-- EXERCISE BRIEF --
Lines of the data that contain the word "assms" are the ones to copy.

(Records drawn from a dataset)
---*---
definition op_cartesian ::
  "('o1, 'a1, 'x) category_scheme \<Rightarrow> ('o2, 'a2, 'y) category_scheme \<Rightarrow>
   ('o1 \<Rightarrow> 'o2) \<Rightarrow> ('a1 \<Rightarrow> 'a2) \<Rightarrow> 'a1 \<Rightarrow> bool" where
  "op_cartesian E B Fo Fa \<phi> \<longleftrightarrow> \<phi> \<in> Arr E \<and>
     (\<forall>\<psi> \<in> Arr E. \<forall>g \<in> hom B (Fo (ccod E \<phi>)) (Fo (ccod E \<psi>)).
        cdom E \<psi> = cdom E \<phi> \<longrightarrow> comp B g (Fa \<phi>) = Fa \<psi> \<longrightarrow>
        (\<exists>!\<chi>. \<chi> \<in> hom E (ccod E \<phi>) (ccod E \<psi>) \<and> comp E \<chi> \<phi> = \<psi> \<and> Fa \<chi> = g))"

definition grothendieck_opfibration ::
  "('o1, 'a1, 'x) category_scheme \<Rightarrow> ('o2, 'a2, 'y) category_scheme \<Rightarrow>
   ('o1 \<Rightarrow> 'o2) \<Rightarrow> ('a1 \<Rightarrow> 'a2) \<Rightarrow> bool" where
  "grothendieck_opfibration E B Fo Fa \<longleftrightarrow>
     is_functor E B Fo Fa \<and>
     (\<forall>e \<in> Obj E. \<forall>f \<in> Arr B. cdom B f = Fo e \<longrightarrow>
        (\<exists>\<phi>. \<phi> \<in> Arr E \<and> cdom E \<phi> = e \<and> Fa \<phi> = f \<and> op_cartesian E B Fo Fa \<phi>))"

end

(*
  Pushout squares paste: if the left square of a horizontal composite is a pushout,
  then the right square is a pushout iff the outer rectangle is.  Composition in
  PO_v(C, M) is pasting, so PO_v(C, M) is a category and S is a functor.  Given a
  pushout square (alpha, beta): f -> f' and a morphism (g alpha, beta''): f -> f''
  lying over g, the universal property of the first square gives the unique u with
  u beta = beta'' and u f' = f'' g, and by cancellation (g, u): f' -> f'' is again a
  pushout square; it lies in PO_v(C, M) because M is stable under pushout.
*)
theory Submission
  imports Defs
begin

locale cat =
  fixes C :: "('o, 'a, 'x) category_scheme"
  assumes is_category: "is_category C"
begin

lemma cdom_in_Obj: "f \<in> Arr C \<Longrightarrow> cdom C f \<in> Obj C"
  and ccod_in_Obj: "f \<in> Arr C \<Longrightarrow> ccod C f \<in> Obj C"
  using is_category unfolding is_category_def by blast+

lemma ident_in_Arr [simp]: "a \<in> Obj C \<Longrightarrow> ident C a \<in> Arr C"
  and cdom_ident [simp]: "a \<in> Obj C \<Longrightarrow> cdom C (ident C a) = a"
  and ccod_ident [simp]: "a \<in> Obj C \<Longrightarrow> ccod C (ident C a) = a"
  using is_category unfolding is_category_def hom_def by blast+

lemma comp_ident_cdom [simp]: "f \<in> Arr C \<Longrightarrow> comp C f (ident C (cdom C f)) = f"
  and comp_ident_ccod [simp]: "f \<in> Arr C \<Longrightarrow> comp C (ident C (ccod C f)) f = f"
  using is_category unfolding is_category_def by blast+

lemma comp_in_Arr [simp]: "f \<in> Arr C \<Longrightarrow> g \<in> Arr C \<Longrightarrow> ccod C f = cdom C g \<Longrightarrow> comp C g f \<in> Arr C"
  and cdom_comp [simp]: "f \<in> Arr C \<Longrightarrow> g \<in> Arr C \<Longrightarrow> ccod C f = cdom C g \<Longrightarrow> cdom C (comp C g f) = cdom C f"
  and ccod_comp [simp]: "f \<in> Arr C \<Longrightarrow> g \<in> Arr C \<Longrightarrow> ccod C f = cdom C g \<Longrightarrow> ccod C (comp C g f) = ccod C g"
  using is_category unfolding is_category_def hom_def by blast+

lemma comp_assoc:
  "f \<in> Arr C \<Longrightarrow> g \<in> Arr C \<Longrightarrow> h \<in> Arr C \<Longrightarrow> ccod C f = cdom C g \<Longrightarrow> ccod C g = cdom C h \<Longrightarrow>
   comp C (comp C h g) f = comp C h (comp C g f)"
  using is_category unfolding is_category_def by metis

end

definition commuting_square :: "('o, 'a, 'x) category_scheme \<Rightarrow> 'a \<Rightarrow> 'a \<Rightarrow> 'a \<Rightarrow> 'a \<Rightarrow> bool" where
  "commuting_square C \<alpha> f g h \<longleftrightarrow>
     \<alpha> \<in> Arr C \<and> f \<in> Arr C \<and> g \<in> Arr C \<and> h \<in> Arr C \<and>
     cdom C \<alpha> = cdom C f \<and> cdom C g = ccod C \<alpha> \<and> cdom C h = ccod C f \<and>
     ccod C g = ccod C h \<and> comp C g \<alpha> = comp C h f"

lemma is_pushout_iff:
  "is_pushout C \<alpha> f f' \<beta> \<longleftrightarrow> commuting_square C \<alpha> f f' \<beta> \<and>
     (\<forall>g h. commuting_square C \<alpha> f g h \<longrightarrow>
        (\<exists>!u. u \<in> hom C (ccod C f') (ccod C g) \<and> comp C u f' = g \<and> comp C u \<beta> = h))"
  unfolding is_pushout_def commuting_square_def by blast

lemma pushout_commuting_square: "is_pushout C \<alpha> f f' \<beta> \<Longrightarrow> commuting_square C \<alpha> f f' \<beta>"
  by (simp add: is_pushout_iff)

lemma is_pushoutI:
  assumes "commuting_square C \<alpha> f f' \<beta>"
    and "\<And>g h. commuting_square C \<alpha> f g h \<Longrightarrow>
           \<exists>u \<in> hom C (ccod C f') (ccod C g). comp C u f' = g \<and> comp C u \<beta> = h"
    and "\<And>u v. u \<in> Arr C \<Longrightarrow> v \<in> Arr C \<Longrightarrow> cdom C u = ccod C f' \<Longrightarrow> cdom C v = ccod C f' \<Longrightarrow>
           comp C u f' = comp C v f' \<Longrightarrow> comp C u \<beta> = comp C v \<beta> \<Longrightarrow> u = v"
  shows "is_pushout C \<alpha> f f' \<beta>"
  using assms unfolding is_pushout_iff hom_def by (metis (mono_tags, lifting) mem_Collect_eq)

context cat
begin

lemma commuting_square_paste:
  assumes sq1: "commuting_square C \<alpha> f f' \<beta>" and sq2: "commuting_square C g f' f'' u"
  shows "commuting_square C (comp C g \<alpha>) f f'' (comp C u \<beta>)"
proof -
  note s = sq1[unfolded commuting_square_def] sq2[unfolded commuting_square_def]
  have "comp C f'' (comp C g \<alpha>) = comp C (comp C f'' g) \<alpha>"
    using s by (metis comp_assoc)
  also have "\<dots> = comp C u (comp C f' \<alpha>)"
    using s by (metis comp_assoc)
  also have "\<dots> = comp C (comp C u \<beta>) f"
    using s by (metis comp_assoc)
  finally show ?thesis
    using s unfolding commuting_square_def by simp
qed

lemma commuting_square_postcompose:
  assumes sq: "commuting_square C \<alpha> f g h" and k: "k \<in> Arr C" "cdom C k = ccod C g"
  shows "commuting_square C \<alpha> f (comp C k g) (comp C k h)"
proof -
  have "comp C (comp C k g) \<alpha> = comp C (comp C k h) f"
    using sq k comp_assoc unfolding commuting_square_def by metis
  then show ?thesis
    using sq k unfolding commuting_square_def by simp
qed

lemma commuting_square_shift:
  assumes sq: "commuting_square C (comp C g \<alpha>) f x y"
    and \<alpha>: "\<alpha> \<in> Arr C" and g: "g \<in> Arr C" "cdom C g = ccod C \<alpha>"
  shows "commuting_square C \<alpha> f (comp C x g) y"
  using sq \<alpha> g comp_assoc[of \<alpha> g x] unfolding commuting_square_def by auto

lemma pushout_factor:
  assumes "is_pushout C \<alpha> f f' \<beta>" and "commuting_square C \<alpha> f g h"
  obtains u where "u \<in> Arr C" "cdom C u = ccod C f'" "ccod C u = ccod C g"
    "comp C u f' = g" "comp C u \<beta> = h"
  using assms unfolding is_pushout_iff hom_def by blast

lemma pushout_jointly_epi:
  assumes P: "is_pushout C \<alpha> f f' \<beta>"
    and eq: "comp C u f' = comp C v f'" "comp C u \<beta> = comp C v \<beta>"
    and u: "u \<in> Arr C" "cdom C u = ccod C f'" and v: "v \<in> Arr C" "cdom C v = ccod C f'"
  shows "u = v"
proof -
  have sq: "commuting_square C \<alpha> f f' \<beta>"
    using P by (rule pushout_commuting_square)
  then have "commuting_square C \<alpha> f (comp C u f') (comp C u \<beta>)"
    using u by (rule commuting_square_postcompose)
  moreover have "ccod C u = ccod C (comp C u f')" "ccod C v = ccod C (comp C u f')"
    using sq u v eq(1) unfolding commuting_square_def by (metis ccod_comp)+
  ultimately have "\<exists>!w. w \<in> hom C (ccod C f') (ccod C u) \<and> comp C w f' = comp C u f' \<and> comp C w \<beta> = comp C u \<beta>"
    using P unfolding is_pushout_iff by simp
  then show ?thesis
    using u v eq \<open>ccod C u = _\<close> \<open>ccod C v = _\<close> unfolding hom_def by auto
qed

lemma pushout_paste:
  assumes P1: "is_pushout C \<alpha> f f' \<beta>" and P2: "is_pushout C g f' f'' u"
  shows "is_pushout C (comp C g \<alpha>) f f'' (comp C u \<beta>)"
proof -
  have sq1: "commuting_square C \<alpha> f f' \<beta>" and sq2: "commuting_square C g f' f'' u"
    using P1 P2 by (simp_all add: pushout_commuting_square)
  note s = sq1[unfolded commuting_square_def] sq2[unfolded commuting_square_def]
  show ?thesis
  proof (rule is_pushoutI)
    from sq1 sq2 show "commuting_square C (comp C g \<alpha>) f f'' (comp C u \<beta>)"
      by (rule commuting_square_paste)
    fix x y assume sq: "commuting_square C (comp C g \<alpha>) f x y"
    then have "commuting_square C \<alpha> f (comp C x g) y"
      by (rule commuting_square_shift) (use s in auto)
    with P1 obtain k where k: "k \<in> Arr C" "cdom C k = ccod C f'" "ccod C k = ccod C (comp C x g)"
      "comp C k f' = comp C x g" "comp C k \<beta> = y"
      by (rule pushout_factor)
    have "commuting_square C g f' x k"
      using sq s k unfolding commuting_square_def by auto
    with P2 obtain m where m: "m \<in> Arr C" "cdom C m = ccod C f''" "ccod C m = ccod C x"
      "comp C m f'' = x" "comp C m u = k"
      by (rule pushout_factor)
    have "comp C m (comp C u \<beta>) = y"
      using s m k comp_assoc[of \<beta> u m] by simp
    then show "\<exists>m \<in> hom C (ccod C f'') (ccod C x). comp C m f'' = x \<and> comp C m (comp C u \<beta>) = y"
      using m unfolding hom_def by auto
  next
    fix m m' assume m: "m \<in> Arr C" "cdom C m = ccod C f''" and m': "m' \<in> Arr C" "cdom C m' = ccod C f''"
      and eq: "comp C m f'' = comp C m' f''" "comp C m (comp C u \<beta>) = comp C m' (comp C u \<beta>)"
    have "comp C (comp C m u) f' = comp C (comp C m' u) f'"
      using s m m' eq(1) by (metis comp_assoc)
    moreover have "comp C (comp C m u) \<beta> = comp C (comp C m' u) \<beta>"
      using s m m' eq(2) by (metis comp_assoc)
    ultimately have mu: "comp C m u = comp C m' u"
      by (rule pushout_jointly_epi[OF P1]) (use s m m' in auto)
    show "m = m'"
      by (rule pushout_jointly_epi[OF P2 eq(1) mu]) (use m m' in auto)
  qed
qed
---*---
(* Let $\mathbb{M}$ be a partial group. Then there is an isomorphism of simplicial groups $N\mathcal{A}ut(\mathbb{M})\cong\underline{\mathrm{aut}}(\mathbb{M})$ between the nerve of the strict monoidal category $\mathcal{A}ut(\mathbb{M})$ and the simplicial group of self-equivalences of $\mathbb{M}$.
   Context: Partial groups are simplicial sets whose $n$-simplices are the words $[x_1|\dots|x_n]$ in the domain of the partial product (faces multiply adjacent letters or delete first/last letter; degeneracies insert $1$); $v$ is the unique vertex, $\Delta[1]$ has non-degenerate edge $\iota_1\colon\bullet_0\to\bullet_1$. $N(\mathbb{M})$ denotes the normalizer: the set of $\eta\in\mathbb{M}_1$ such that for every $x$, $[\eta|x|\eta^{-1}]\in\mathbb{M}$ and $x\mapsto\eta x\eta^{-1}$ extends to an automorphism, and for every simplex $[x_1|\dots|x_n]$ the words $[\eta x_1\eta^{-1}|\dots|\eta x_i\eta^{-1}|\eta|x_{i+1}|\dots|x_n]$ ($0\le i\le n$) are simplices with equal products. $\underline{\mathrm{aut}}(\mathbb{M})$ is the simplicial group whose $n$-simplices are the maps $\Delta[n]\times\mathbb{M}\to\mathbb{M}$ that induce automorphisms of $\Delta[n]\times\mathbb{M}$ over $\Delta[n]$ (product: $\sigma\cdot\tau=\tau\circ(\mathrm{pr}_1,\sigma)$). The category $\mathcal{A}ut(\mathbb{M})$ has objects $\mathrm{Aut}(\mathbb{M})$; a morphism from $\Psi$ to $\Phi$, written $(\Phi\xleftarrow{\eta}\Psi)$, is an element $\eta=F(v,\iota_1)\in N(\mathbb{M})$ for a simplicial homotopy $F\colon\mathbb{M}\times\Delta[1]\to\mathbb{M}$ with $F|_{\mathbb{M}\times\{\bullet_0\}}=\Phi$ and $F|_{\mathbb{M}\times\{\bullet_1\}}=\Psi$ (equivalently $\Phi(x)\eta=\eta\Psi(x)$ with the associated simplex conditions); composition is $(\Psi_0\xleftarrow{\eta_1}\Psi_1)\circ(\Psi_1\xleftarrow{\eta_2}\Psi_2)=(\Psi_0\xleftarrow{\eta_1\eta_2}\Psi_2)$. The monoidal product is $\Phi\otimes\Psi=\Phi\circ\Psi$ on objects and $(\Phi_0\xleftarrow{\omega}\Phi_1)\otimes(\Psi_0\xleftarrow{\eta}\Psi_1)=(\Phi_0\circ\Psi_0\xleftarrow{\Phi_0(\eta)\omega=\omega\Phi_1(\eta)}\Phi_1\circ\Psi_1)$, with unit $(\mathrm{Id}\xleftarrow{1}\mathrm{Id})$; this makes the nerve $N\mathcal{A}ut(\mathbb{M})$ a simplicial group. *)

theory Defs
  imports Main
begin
---*---
-- REPLY TO THE TASK --
  using assms unfolding is_pushout_iff hom_def by (metis (mono_tags, lifting) mem_Collect_eq)
  using assms unfolding is_pushout_iff hom_def by blast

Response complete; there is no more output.